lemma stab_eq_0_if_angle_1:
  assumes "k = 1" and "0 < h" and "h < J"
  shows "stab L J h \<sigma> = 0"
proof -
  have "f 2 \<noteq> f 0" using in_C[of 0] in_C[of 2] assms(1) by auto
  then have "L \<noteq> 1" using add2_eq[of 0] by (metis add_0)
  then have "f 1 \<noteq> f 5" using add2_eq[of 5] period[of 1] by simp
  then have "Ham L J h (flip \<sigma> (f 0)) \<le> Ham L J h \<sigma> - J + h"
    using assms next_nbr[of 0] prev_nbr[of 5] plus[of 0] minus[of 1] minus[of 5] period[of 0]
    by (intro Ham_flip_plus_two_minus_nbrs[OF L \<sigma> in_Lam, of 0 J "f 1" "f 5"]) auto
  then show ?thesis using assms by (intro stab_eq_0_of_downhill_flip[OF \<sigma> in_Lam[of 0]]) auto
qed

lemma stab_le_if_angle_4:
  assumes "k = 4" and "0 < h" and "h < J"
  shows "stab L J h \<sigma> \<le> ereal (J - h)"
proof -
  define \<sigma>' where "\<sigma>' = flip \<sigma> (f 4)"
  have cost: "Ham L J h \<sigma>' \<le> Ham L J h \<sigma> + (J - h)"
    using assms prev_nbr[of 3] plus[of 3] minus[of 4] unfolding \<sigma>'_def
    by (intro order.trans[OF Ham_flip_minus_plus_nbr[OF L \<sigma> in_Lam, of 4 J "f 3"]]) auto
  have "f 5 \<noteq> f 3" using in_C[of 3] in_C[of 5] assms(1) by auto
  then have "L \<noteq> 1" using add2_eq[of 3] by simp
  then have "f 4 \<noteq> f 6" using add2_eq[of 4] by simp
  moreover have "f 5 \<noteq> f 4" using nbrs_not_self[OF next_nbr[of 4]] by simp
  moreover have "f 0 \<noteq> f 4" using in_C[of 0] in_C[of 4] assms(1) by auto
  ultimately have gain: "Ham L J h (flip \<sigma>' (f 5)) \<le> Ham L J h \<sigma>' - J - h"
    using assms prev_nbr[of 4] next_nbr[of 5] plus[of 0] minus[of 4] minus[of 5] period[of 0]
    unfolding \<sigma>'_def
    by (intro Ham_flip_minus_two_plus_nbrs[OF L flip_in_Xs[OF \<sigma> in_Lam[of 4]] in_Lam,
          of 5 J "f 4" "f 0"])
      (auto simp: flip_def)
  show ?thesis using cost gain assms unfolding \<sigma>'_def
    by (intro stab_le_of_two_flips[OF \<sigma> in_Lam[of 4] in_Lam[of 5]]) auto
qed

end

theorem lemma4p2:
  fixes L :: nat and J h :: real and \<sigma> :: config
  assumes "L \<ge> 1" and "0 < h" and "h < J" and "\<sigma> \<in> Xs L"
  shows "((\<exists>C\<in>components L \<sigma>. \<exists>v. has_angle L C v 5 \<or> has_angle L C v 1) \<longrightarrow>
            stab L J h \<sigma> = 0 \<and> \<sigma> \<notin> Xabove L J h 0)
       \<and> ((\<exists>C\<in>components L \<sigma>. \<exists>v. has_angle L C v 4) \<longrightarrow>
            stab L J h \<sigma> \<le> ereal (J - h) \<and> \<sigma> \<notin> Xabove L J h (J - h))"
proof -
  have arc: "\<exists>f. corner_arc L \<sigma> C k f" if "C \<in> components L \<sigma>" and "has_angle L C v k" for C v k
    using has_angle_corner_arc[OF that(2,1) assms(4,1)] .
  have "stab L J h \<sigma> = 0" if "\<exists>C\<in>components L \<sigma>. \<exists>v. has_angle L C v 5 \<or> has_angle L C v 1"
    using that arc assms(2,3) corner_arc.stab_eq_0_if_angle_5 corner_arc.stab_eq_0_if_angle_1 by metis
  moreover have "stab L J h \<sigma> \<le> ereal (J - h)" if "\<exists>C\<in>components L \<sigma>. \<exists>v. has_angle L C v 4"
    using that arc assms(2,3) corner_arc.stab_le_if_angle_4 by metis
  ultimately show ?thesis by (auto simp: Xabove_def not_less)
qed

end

### Problem requirements
Transcribe each line of the data above, unaltered, from the one where "4] assms(1) by auto" appears to the one where "show ?thesis using cost" appears, inclusive of both.

### Task response
  moreover have "f 0 \<noteq> f 4" using in_C[of 0] in_C[of 4] assms(1) by auto
  ultimately have gain: "Ham L J h (flip \<sigma>' (f 5)) \<le> Ham L J h \<sigma>' - J - h"
    using assms prev_nbr[of 4] next_nbr[of 5] plus[of 0] minus[of 4] minus[of 5] period[of 0]
    unfolding \<sigma>'_def
    by (intro Ham_flip_minus_two_plus_nbrs[OF L flip_in_Xs[OF \<sigma> in_Lam[of 4]] in_Lam,
          of 5 J "f 4" "f 0"])
      (auto simp: flip_def)
  show ?thesis using cost gain assms unfolding \<sigma>'_def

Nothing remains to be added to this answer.